To check the correctness of our result, we compare it with an analytical solution obtained from the t-distribution and an numerical optimizer:
```{r}
fun = \(alpha) {
  beta = alpha * desired_ratio
  abs(
    qt(1-alpha,ncp=0, df=N-1) # crit for alpha
    -qt(beta,ncp=esize*sqrt(N), df=N-1) # crit for beta
  )
}
alpha = optim(0.1,fun,lower=10e-10,upper=1-10e-10,method = "L-BFGS-B")$par
crit = qt(1-alpha,ncp=0, df=N-1)
crit
```

This leads to a threshold of about 1.50, which is very close to the solution of mlpwr. Using simulations, we can show that the analytical solution is indeed correct:
```{r}
a = replicate(10000,simfun_compromise(crit))
aggregate_fun(a)
```


# Inhomogeneous Cost Functions

Some uses cases feature more complex cost functions. We cover an example here. It builds on the "ANOVA" simulation function in the "simulation_functions" vignette.

```{r}
library(tidyr)
simfun_anova <- function(n, n.groups) {

  # Generate a data set
  groupmeans <- rnorm(n.groups, sd = 0.2)  # generate groupmeans using cohen's f=.2
  dat <- sapply(groupmeans, function(x) rnorm(n,
                                              mean = x, sd = 1))  # generate data
  dat <- dat |>
    as.data.frame() |>
    gather()  # format

  # Test the hypothesis
  res <- aov(value ~ key, data = dat)  # perform ANOVA
  summary(res)[[1]][1, 5] < 0.01  # extract significance
}

```

We assume that there are different costs for different clusters. We assume that the costs per cluster is cheaper if there is only a small number of clusters. Adding additional clusters gets increasingly expensive (for example, because assessing a large number of groups is more costly).

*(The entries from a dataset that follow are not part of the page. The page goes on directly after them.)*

(* Consider the hardware trojan detection game specified in the context. Under EUT there exists a fine value $F^v_{\mathrm{EUT}}$, and under PT there exists a fine value $F^v_{\mathrm{PT}}$, such that when $F$ equals that value, at the mixed-strategy Nash equilibrium neither the attacker nor the defender wins. That is, the equilibrium expected utilities of both players are equal to $0$.
   Context: <p><b>Players and strategies.</b> There are two players, an attacker $a$ and a defender $d$. The trojan types are $\mathcal{T}=\{A,B,C,D\}$, with damages $V_A=1$, $V_B=2$, $V_C=4$, $V_D=12$. Every type has the same fine $F$.</p> <p>The attacker's pure strategy set is $\mathcal{S}_a=\mathcal{T}$. The defender's pure strategy set $\mathcal{S}_d=\{AB,AC,AD,BC,BD,CD\}$ consists of the 2-element subsets of $\mathcal{T}$.</p> <p><b>Payoffs.</b> $u_d(s_d,s_a)=F$ if $s_a\in s_d$, and $u_d(s_d,s_a)=-V_{s_a}$ otherwise. The game is zero-sum: $u_a=-u_d$.</p> <p>Mixed strategies are probability vectors $\boldsymbol{p}_d$ on $\mathcal{S}_d$ and $\boldsymbol{p}_a$ on $\mathcal{S}_a$.</p> <p><b>EUT utility.</b> $U_i^{\mathrm{EUT}}(\boldsymbol{p}_d,\boldsymbol{p}_a)=\sum_{s_d,s_a}p_d(s_d)p_a(s_a)u_i(s_d,s_a)$.</p> <p><b>PT utility.</b> Each player $i$ has a parameter $\alpha_i\in(0,1]$ and the weighting function $w_i(p)=\exp(-(-\ln p)^{\alpha_i})$, with $w_i(0)=0$. For player $i$ with opponent $j$, $U_i^{\mathrm{PT}}(\boldsymbol{p}_i,\boldsymbol{p}_j)=\sum_{s_i,s_j}p_i(s_i)\,w_i(p_j(s_j))\,u_i(s_i,s_j)$.</p> <p><b>MSNE.</b> A mixed-strategy Nash equilibrium is a profile from which neither player can increase its utility ($U^{\mathrm{EUT}}$ or $U^{\mathrm{PT}}$, respectively) by unilateral deviation.</p> <p><b>Winning.</b> A player "wins" if its equilibrium expected utility is positive.</p> *)

theory Defs
  imports Complex_Main
begin

datatype trojan = TA | TB | TC | TD

fun dmg :: "trojan \<Rightarrow> real" where
  "dmg TA = 1" | "dmg TB = 2" | "dmg TC = 4" | "dmg TD = 12"

definition Sa :: "trojan set" where
  "Sa = {TA, TB, TC, TD}"

definition Sd :: "trojan set set" where
  "Sd = {{TA,TB}, {TA,TC}, {TA,TD}, {TB,TC}, {TB,TD}, {TC,TD}}"

definition ud :: "real \<Rightarrow> trojan set \<Rightarrow> trojan \<Rightarrow> real" where
  "ud F sd sa = (if sa \<in> sd then F else - dmg sa)"

definition ua :: "real \<Rightarrow> trojan set \<Rightarrow> trojan \<Rightarrow> real" where
  "ua F sd sa = - ud F sd sa"

definition mixed :: "'s set \<Rightarrow> ('s \<Rightarrow> real) \<Rightarrow> bool" where
  "mixed S p \<longleftrightarrow> (\<forall>s\<in>S. 0 \<le> p s) \<and> sum p S = 1"

definition U_EUT_d :: "real \<Rightarrow> (trojan set \<Rightarrow> real) \<Rightarrow> (trojan \<Rightarrow> real) \<Rightarrow> real" where
  "U_EUT_d F pd pa = (\<Sum>sd\<in>Sd. \<Sum>sa\<in>Sa. pd sd * pa sa * ud F sd sa)"

definition U_EUT_a :: "real \<Rightarrow> (trojan set \<Rightarrow> real) \<Rightarrow> (trojan \<Rightarrow> real) \<Rightarrow> real" where
  "U_EUT_a F pd pa = (\<Sum>sd\<in>Sd. \<Sum>sa\<in>Sa. pd sd * pa sa * ua F sd sa)"

definition wgt :: "real \<Rightarrow> real \<Rightarrow> real" where
  "wgt \<alpha> p = (if p = 0 then 0 else exp (- ((- ln p) powr \<alpha>)))"

definition U_PT_d :: "real \<Rightarrow> real \<Rightarrow> (trojan set \<Rightarrow> real) \<Rightarrow> (trojan \<Rightarrow> real) \<Rightarrow> real" where
  "U_PT_d \<alpha>d F pd pa = (\<Sum>sd\<in>Sd. \<Sum>sa\<in>Sa. pd sd * wgt \<alpha>d (pa sa) * ud F sd sa)"

definition U_PT_a :: "real \<Rightarrow> real \<Rightarrow> (trojan set \<Rightarrow> real) \<Rightarrow> (trojan \<Rightarrow> real) \<Rightarrow> real" where
  "U_PT_a \<alpha>a F pd pa = (\<Sum>sa\<in>Sa. \<Sum>sd\<in>Sd. pa sa * wgt \<alpha>a (pd sd) * ua F sd sa)"

definition is_MSNE ::
  "((trojan set \<Rightarrow> real) \<Rightarrow> (trojan \<Rightarrow> real) \<Rightarrow> real) \<Rightarrow>
   ((trojan set \<Rightarrow> real) \<Rightarrow> (trojan \<Rightarrow> real) \<Rightarrow> real) \<Rightarrow>
   (trojan set \<Rightarrow> real) \<Rightarrow> (trojan \<Rightarrow> real) \<Rightarrow> bool" where
  "is_MSNE Ud Ua pd pa \<longleftrightarrow>
     mixed Sd pd \<and> mixed Sa pa \<and>
     (\<forall>pd'. mixed Sd pd' \<longrightarrow> Ud pd' pa \<le> Ud pd pa) \<and>
     (\<forall>pa'. mixed Sa pa' \<longrightarrow> Ua pd pa' \<le> Ua pd pa)"

definition MSNE_EUT :: "real \<Rightarrow> (trojan set \<Rightarrow> real) \<Rightarrow> (trojan \<Rightarrow> real) \<Rightarrow> bool" where
  "MSNE_EUT F = is_MSNE (U_EUT_d F) (U_EUT_a F)"

definition MSNE_PT :: "real \<Rightarrow> real \<Rightarrow> real \<Rightarrow> (trojan set \<Rightarrow> real) \<Rightarrow> (trojan \<Rightarrow> real) \<Rightarrow> bool" where
  "MSNE_PT \<alpha>d \<alpha>a F = is_MSNE (U_PT_d \<alpha>d F) (U_PT_a \<alpha>a F)"

end

(*
  Let c_t = V_t / (F + V_t): inspecting type t with probability c_t makes the attacker
  indifferent about inserting t.  The defender inspects two types, so a defender strategy
  with these marginals exists once the c_t sum to 2, which determines the fine F (it lies
  in [3, 4]).  Dually, attacker probabilities proportional to 1 / (F + V_t) make every
  inspected pair worth 0 to the defender.  Against these equalizers each player secures 0,
  so both equilibrium payoffs are nonnegative; by best-response indifference each payoff,
  multiplied by the total perceived weight of the opponent's strategy, equals minus the
  other one, so both vanish.  This only uses that the probability weighting is
  nonnegative and zero exactly at 0, so it covers EUT and PT alike.  An equilibrium
  exists because the Prelec function can be inverted: choose strategies whose perceived
  weights are proportional to the equalizers, and every deviation then yields 0.
*)

theory Submission
  imports Defs
begin
definition pmi_kernel :: "('a::finite \<Rightarrow> 'a \<Rightarrow> real) \<Rightarrow> 'a \<Rightarrow> 'a \<Rightarrow> real" where
  "pmi_kernel Pc a b = ln (Pc a b / (marginal Pc a * marginal Pc b))"

definition psd_matrix :: "('a::finite \<Rightarrow> 'a \<Rightarrow> real) \<Rightarrow> bool" where
  "psd_matrix M \<longleftrightarrow> (\<forall>i j. M i j = M j i) \<and>
     (\<forall>v :: 'a \<Rightarrow> real. 0 \<le> (\<Sum>i\<in>UNIV. \<Sum>j\<in>UNIV. v i * M i j * v j))"

end

theory Submission
  imports Defs
begin

text \<open>Shifting the PMI matrix by \<open>-ln \<rho>min\<close> puts its off-diagonal entries into \<open>[0, \<delta>]\<close>
  and its diagonal entries above \<open>N \<delta>\<close>. Since \<open>|v\<^sub>i M\<^sub>i\<^sub>j v\<^sub>j| \<le> \<delta> (v\<^sub>i\<^sup>2 + v\<^sub>j\<^sup>2) / 2\<close>
  off the diagonal, the quadratic form is bounded below by \<open>\<Sum>\<^sub>i (M\<^sub>i\<^sub>i - (N - 1) \<delta>) v\<^sub>i\<^sup>2 \<ge> 0\<close>,
  so the shifted matrix is positive semi-definite. A Gram representation
  \<open>M\<^sub>i\<^sub>j = \<langle>f i, f j\<rangle>\<close> in \<open>\<real>\<^sup>N\<close> then follows by a Cholesky-type induction that
  splits off one index at a time and passes to the Schur complement.\<close>

definition quad_form :: "'a set \<Rightarrow> ('a \<Rightarrow> 'a \<Rightarrow> real) \<Rightarrow> ('a \<Rightarrow> real) \<Rightarrow> real" where
  "quad_form S M v = (\<Sum>i\<in>S. \<Sum>j\<in>S. v i * M i j * v j)"

definition psd_on :: "'a set \<Rightarrow> ('a \<Rightarrow> 'a \<Rightarrow> real) \<Rightarrow> bool" where
  "psd_on S M \<longleftrightarrow> (\<forall>v. 0 \<le> quad_form S M v)"

lemma psd_matrix_iff_psd_on_UNIV:
  "psd_matrix M \<longleftrightarrow> (\<forall>i j. M i j = M j i) \<and> psd_on UNIV M"
  unfolding psd_matrix_def psd_on_def quad_form_def ..

lemma quad_form_cong: "(\<And>i. i \<in> S \<Longrightarrow> v i = w i) \<Longrightarrow> quad_form S M v = quad_form S M w"
  unfolding quad_form_def by (intro sum.cong refl) auto

lemma quad_form_insert:
  assumes "finite S" "k \<notin> S" "\<And>i j. M i j = M j i"
  shows "quad_form (insert k S) M w
           = w k * w k * M k k + 2 * w k * (\<Sum>j\<in>S. M k j * w j) + quad_form S M w"
proof -
  have "quad_form (insert k S) M w
      = (\<Sum>j\<in>insert k S. w k * M k j * w j) + (\<Sum>i\<in>S. \<Sum>j\<in>insert k S. w i * M i j * w j)"
    unfolding quad_form_def using assms by simp
  also have "(\<Sum>j\<in>insert k S. w k * M k j * w j) = w k * M k k * w k + (\<Sum>j\<in>S. w k * M k j * w j)"
    using assms by simp
  also have "(\<Sum>i\<in>S. \<Sum>j\<in>insert k S. w i * M i j * w j) = (\<Sum>i\<in>S. w i * M i k * w k) + quad_form S M w"
    unfolding quad_form_def using assms by (simp add: sum.distrib)
  also have "(\<Sum>i\<in>S. w i * M i k * w k) = w k * (\<Sum>j\<in>S. M k j * w j)"
    by (simp add: sum_distrib_left assms(3)[of _ k] mult_ac)
  also have "(\<Sum>j\<in>S. w k * M k j * w j) = w k * (\<Sum>j\<in>S. M k j * w j)"
    by (simp add: sum_distrib_left mult_ac)
  finally show ?thesis by (simp add: algebra_simps)
qed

Specifically, we assume that the first five clusters cost 10, the next five cost 15, the next five cost 20, and so on.

```{r}
prices = c(rep(10,5),rep(15,5),rep(20,5),rep(25,5),rep(30,5),rep(35,5),rep(40,5))

costfun = function(n, n.groups) {
  5 * n + n.groups * sum(prices[1:n.groups])
}
```

We can now find a good design using:
```{r}
# res3 <- find.design(
#   simfun = simfun_anova,
#   costfun = costfun,
#   boundaries = list(n = c(10, 150), n.groups = c(5, 30)),
#   power = .95
# )
res3 = extensions_results[[3]]
summary(res3)
```

The proposed solution contains 10 groups and 135 participants per group.

# 3-Dimensional Designs

As an example for a study design with more than 2 dimensions, we consider a multilevel design with the three dimensions:

* Number of schools
* Number of students per school
* Number of observations per student


```{r}
library(lme4)
library(lmerTest)
```


```{r}
simfun_3d <- function(n.per.school,n.schools, n.obs) {

  # generate data
  school = rep(1:n.schools,each=n.per.school*n.obs)
  student = rep(1:(n.schools*n.per.school),each=n.obs)
  pred = factor(rep(c("old","new"),n.per.school*n.schools*n.obs,each=n.obs),levels=c("old","new"))
  dat = data.frame(school = school, student = student, pred = pred)
  

  params <- list(theta = c(.5,0,.5,.5), beta = c(0,1),sigma = 1.5)
  names(params$theta) = c("school.(Intercept)","school.prednew.(Intercept)","school.prednew","student.(Intercept)")
  names(params$beta) = c("(Intercept)","prednew")
  dat$y <- simulate.formula(~pred + (1 + pred | school) + (1 | student), newdata = dat, newparams = params)[[1]]
  
  # test hypothesis
  mod <- lmer(y ~ pred + (1 + pred | school) + (1 | student), data = dat)
  pvalue <- summary(mod)[["coefficients"]][2,"Pr(>|t|)"]
  pvalue < .01
}

costfun_3d <- function(n.per.school, n.schools,n.obs) {
  100 * n.per.school + 200 * n.schools + .1 * n.obs * n.per.school * n.schools
  }
```


```{r}
# res4 = find.design(simfun = simfun_3d, costfun = costfun_3d, boundaries = list(n.per.school = c(5, 25), n.schools = c(10, 30), n.obs = c(3,10)), power = .95)
res4 = extensions_results[[4]]
summary(res4)
```
In this case, going with the minimum number of observations per student seems to be the ideal choice.